(* Let $\mathcal V$ be a finite alphabet, $\mathcal V^*$ the set of finite strings over $\mathcal V$, $e$ an environment, and $p(c,t)$ a joint distribution over implementations $c\in\mathcal V^*$ and test suites $t\in\mathcal V^*$ with marginals $p(c)$ and $p(t)$. Let $R(c,t\mid e):=\frac{1}{|t|}\sum_{k=1}^{|t|}O_k(c,t\mid e)\in[0,1]$. Define the functional equivalence classes $\mathcal N_c^\infty:=\{c'\in\mathcal V^*: O(c,t\mid e)=O(c',t\mid e)\text{ for all } t \text{ with } p(t)>0\}$ and $p(\mathcal N_c^\infty):=\sum_{c'\in\mathcal N_c^\infty}p(c')$. Assume: (i) (code-test calibration) $p(\mathcal N_c^\infty)=\mathbb P_{t\sim p}[R(c,t\mid e)=1]$ for every $c\in\mathcal V^*$; (ii) (well-specification) for $t\sim p$, almost surely there exists exactly one equivalence class $\mathcal N_c^\infty$ such that $R(c,t\mid e)=1$. For a set of $k$ distinct equivalence classes $\{\mathcal N_{c_i}^\infty\}_{i=1}^k$ define $\mathrm{Pass@k}(\{\mathcal N_{c_i}^\infty\}_{i=1}^k):=\mathbb P_{t\sim p}[\exists\, i\in\{1,\dots,k\}: R(c_i,t\mid e)=1]$. Then $\mathrm{Pass@k}$ is maximized (over all choices of $k$ distinct equivalence classes) by greedily selecting the $k$ classes $\mathcal N_c^\infty$ with the largest values of $p(\mathcal N_c^\infty)$.
   Context: A test suite $t\in\mathcal V^*$ consists of $|t|\ge1$ test cases. For an environment $e$, an implementation $c$ and a test suite $t$, the test harness returns a deterministic output vector $O(c,t\mid e)=(O_1(c,t\mid e),\dots,O_{|t|}(c,t\mid e))\in\{0,1\}^{|t|}$, where $0$ indicates failure and $1$ success of the $k$-th test case. Codes in the same class $\mathcal N_c^\infty$ have the same value of $R(\cdot,t\mid e)$ for all $t$ with $p(t)>0$. *)

theory Defs
  imports "HOL-Probability.Probability"
begin

text \<open>For an environment e, the harness output Out e c t is a 0/1 vector of
length ntests t (number of test cases of t); Out e c t k is the k-th entry, k = 1..ntests t
(True = success).\<close>

definition reward ::
  "('e \<Rightarrow> 'v list \<Rightarrow> 'v list \<Rightarrow> nat \<Rightarrow> bool) \<Rightarrow> ('v list \<Rightarrow> nat) \<Rightarrow> 'e \<Rightarrow> 'v list \<Rightarrow> 'v list \<Rightarrow> real"
  where "reward Out ntests e c t = (\<Sum>k = 1..ntests t. of_bool (Out e c t k)) / real (ntests t)"

definition code_marg :: "('a \<times> 'b) pmf \<Rightarrow> 'a pmf" where "code_marg p = map_pmf fst p"
definition test_marg :: "('a \<times> 'b) pmf \<Rightarrow> 'b pmf" where "test_marg p = map_pmf snd p"

definition equiv_class ::
  "('e \<Rightarrow> 'v list \<Rightarrow> 'v list \<Rightarrow> nat \<Rightarrow> bool) \<Rightarrow> ('v list \<Rightarrow> nat) \<Rightarrow> 'e \<Rightarrow> ('v list \<times> 'v list) pmf
    \<Rightarrow> 'v list \<Rightarrow> 'v list set"
  where "equiv_class Out ntests e p c =
    {c'. \<forall>t. pmf (test_marg p) t > 0 \<longrightarrow> (\<forall>k \<in> {1..ntests t}. Out e c t k = Out e c' t k)}"

definition class_prob ::
  "('e \<Rightarrow> 'v list \<Rightarrow> 'v list \<Rightarrow> nat \<Rightarrow> bool) \<Rightarrow> ('v list \<Rightarrow> nat) \<Rightarrow> 'e \<Rightarrow> ('v list \<times> 'v list) pmf
    \<Rightarrow> 'v list \<Rightarrow> real"
  where "class_prob Out ntests e p c = measure_pmf.prob (code_marg p) (equiv_class Out ntests e p c)"

text \<open>Pass@k of the classes represented by the list cs = [c_1,...,c_k].\<close>
definition pass_at ::
  "('e \<Rightarrow> 'v list \<Rightarrow> 'v list \<Rightarrow> nat \<Rightarrow> bool) \<Rightarrow> ('v list \<Rightarrow> nat) \<Rightarrow> 'e \<Rightarrow> ('v list \<times> 'v list) pmf
    \<Rightarrow> 'v list list \<Rightarrow> real"
  where "pass_at Out ntests e p cs =
    measure_pmf.prob (test_marg p) {t. \<exists>i < length cs. reward Out ntests e (cs ! i) t = 1}"

end

theory Submission
  imports Defs
begin

text \<open>By well-specification, almost surely a test suite is passed by the members of exactly
one equivalence class, so the pass events of pairwise distinct classes are disjoint on the
support of the test marginal. Pass@k of k distinct classes is therefore the sum of their pass
probabilities, which calibration identifies with the class probabilities. A sum of class
probabilities over k classes is largest for the greedy selection, since exchanging a class
outside the selection for one inside never decreases the sum.\<close>

lemma sum_le_if_card_eq_and_dominated:
  fixes f :: "'a \<Rightarrow> 'b::ordered_comm_monoid_add"
  assumes "finite C" "finite D" "card D = card C"
    and dominated: "\<And>x y. x \<in> D \<Longrightarrow> x \<notin> C \<Longrightarrow> y \<in> C \<Longrightarrow> f x \<le> f y"
  shows "sum f D \<le> sum f C"
proof -
  have "card (D - C) = card (C - D)"
    using assms(1-3) card_Diff_subset_Int[of D C] card_Diff_subset_Int[of C D]
    by (simp add: Int_commute)
  then obtain h where h: "bij_betw h (D - C) (C - D)"
    using finite_same_card_bij assms(1,2) by (metis finite_Diff)
  have "sum f (D - C) \<le> sum (f \<circ> h) (D - C)"
    using dominated h by (intro sum_mono) (auto dest: bij_betwE)
  also have "\<dots> = sum f (C - D)"
    using sum.reindex_bij_betw[OF h] by simp
  finally have "sum f (D - C) \<le> sum f (C - D)" .
  then have "sum f (D \<inter> C) + sum f (D - C) \<le> sum f (C \<inter> D) + sum f (C - D)"
    by (metis Int_commute add_left_mono)
  then show ?thesis
    using assms(1,2) by (metis sum.Int_Diff)
qed

lemma measure_pmf_UN_eq_sum_if_disjoint_on_support:
  assumes "finite I"
    and disjoint: "\<And>i j. i \<in> I \<Longrightarrow> j \<in> I \<Longrightarrow> i \<noteq> j \<Longrightarrow> A i \<inter> A j \<inter> set_pmf M = {}"
  shows "measure_pmf.prob M (\<Union>i\<in>I. A i) = (\<Sum>i\<in>I. measure_pmf.prob M (A i))"
proof -
  have "measure_pmf.prob M (\<Union>i\<in>I. A i) = measure_pmf.prob M (\<Union>i\<in>I. A i \<inter> set_pmf M)"
    by (metis measure_Int_set_pmf UN_extend_simps(4))
  also have "\<dots> = (\<Sum>i\<in>I. measure_pmf.prob M (A i \<inter> set_pmf M))"
    using assms by (intro measure_pmf.finite_measure_finite_Union) (auto simp: disjoint_family_on_def)
  also have "\<dots> = (\<Sum>i\<in>I. measure_pmf.prob M (A i))"
    by (simp add: measure_Int_set_pmf)
  finally show ?thesis .
qed

lemma equiv_class_self: "c \<in> equiv_class Out ntests e p c"
  by (simp add: equiv_class_def)

lemma equiv_class_eq_if_both_pass:
  assumes well_specified: "AE t in measure_pmf (test_marg p).
      \<exists>!C. C \<in> range (equiv_class Out ntests e p) \<and> (\<exists>c \<in> C. reward Out ntests e c t = 1)"
    and "t \<in> set_pmf (test_marg p)"
    and "reward Out ntests e c t = 1" "reward Out ntests e c' t = 1"
  shows "equiv_class Out ntests e p c = equiv_class Out ntests e p c'"
proof -
  let ?passing = "\<lambda>C. C \<in> range (equiv_class Out ntests e p) \<and> (\<exists>x \<in> C. reward Out ntests e x t = 1)"
  have "\<exists>!C. ?passing C"
    using assms(1,2) by (simp add: AE_measure_pmf_iff)
  moreover have "?passing (equiv_class Out ntests e p c)"
    by (intro conjI rangeI bexI[of _ c] assms(3) equiv_class_self)
  moreover have "?passing (equiv_class Out ntests e p c')"
    by (intro conjI rangeI bexI[of _ c'] assms(4) equiv_class_self)
  ultimately show ?thesis
    by (metis Uniq_D ex1_iff_ex_Uniq)
qed

lemma pass_at_eq_sum_class_measure:
  assumes calibration: "\<forall>c. class_prob Out ntests e p c =
      measure_pmf.prob (test_marg p) {t. reward Out ntests e c t = 1}"
    and well_specified: "AE t in measure_pmf (test_marg p).
      \<exists>!C. C \<in> range (equiv_class Out ntests e p) \<and> (\<exists>c \<in> C. reward Out ntests e c t = 1)"
    and distinct_classes: "distinct (map (equiv_class Out ntests e p) ds)"
  shows "pass_at Out ntests e p ds =
    (\<Sum>C \<in> equiv_class Out ntests e p ` set ds. measure_pmf.prob (code_marg p) C)"
proof -
  let ?cls = "equiv_class Out ntests e p"
  let ?passed = "\<lambda>c. {t. reward Out ntests e c t = 1}"
  have "pass_at Out ntests e p ds = measure_pmf.prob (test_marg p) (\<Union>i<length ds. ?passed (ds ! i))"
    unfolding pass_at_def by (intro arg_cong[where f = "measure_pmf.prob _"]) auto
  also have "\<dots> = (\<Sum>i<length ds. measure_pmf.prob (test_marg p) (?passed (ds ! i)))"
  proof (rule measure_pmf_UN_eq_sum_if_disjoint_on_support)
    fix i j assume "i \<in> {..<length ds}" "j \<in> {..<length ds}" "i \<noteq> j"
    then have "?cls (ds ! i) \<noteq> ?cls (ds ! j)"
      using distinct_classes by (auto simp: distinct_conv_nth)
    then show "?passed (ds ! i) \<inter> ?passed (ds ! j) \<inter> set_pmf (test_marg p) = {}"
      using equiv_class_eq_if_both_pass[OF well_specified] by blast
  qed simp
  also have "\<dots> = (\<Sum>i<length ds. measure_pmf.prob (code_marg p) (?cls (ds ! i)))"
    using calibration by (simp add: class_prob_def)
  also have "\<dots> = sum_list (map (measure_pmf.prob (code_marg p)) (map ?cls ds))"
    by (simp add: sum_list_sum_nth atLeast0LessThan)
  also have "\<dots> = (\<Sum>C \<in> ?cls ` set ds. measure_pmf.prob (code_marg p) C)"
    using sum_list_distinct_conv_sum_set[OF distinct_classes] by simp
  finally show ?thesis .
qed

theorem proposition4p13:
  fixes Out :: "'e \<Rightarrow> ('v::finite) list \<Rightarrow> 'v list \<Rightarrow> nat \<Rightarrow> bool"
    and ntests :: "'v list \<Rightarrow> nat"
    and e :: 'e
    and p :: "('v list \<times> 'v list) pmf"
    and k :: nat
    and cs :: "'v list list"
  assumes nonempty_suites: "\<forall>t. ntests t \<ge> 1"
    and calibration: "\<forall>c. class_prob Out ntests e p c =
          measure_pmf.prob (test_marg p) {t. reward Out ntests e c t = 1}"
    and well_specified: "AE t in measure_pmf (test_marg p).
          \<exists>!C. C \<in> range (equiv_class Out ntests e p) \<and> (\<exists>c \<in> C. reward Out ntests e c t = 1)"
    and cs_len: "length cs = k"
    and cs_distinct: "distinct (map (equiv_class Out ntests e p) cs)"
    and cs_greedy: "\<forall>c. equiv_class Out ntests e p c \<notin> equiv_class Out ntests e p ` set cs \<longrightarrow>
          (\<forall>i < k. class_prob Out ntests e p c \<le> class_prob Out ntests e p (cs ! i))"
  shows "\<forall>ds. length ds = k \<and> distinct (map (equiv_class Out ntests e p) ds) \<longrightarrow>
           pass_at Out ntests e p ds \<le> pass_at Out ntests e p cs"
proof (intro allI impI)
  let ?cls = "equiv_class Out ntests e p"
  let ?P = "measure_pmf.prob (code_marg p)"
  fix ds assume "length ds = k \<and> distinct (map ?cls ds)"
  then have ds_len: "length ds = k" and ds_distinct: "distinct (map ?cls ds)" by auto
  have "pass_at Out ntests e p ds = sum ?P (?cls ` set ds)"
    by (rule pass_at_eq_sum_class_measure[OF calibration well_specified ds_distinct])
  also have "\<dots> \<le> sum ?P (?cls ` set cs)"
  proof (rule sum_le_if_card_eq_and_dominated)
    show "card (?cls ` set ds) = card (?cls ` set cs)"
      using ds_len ds_distinct cs_len cs_distinct by (metis distinct_card length_map set_map)
    show "?P X \<le> ?P Y" if "X \<in> ?cls ` set ds" "X \<notin> ?cls ` set cs" "Y \<in> ?cls ` set cs" for X Y
      using that cs_greedy cs_len by (auto simp: class_prob_def in_set_conv_nth)
  qed simp_all
  also have "\<dots> = pass_at Out ntests e p cs"
    by (rule pass_at_eq_sum_class_measure[OF calibration well_specified cs_distinct, symmetric])
  finally show "pass_at Out ntests e p ds \<le> pass_at Out ntests e p cs" .
qed

end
■ ■ ■ ■ ■ ■ ■
* _Prompt_:
Exactly the lines from the one holding "(\<forall>i < k." through the end of the records above are to be returned, and nothing else.

* _Result_:
          (\<forall>i < k. class_prob Out ntests e p c \<le> class_prob Out ntests e p (cs ! i))"
  shows "\<forall>ds. length ds = k \<and> distinct (map (equiv_class Out ntests e p) ds) \<longrightarrow>
           pass_at Out ntests e p ds \<le> pass_at Out ntests e p cs"
proof (intro allI impI)
  let ?cls = "equiv_class Out ntests e p"
  let ?P = "measure_pmf.prob (code_marg p)"
  fix ds assume "length ds = k \<and> distinct (map ?cls ds)"
  then have ds_len: "length ds = k" and ds_distinct: "distinct (map ?cls ds)" by auto
  have "pass_at Out ntests e p ds = sum ?P (?cls ` set ds)"
    by (rule pass_at_eq_sum_class_measure[OF calibration well_specified ds_distinct])
  also have "\<dots> \<le> sum ?P (?cls ` set cs)"
  proof (rule sum_le_if_card_eq_and_dominated)
    show "card (?cls ` set ds) = card (?cls ` set cs)"
      using ds_len ds_distinct cs_len cs_distinct by (metis distinct_card length_map set_map)
    show "?P X \<le> ?P Y" if "X \<in> ?cls ` set ds" "X \<notin> ?cls ` set cs" "Y \<in> ?cls ` set cs" for X Y
      using that cs_greedy cs_len by (auto simp: class_prob_def in_set_conv_nth)
  qed simp_all
  also have "\<dots> = pass_at Out ntests e p cs"
    by (rule pass_at_eq_sum_class_measure[OF calibration well_specified cs_distinct, symmetric])
  finally show "pass_at Out ntests e p ds \<le> pass_at Out ntests e p cs" .
qed

end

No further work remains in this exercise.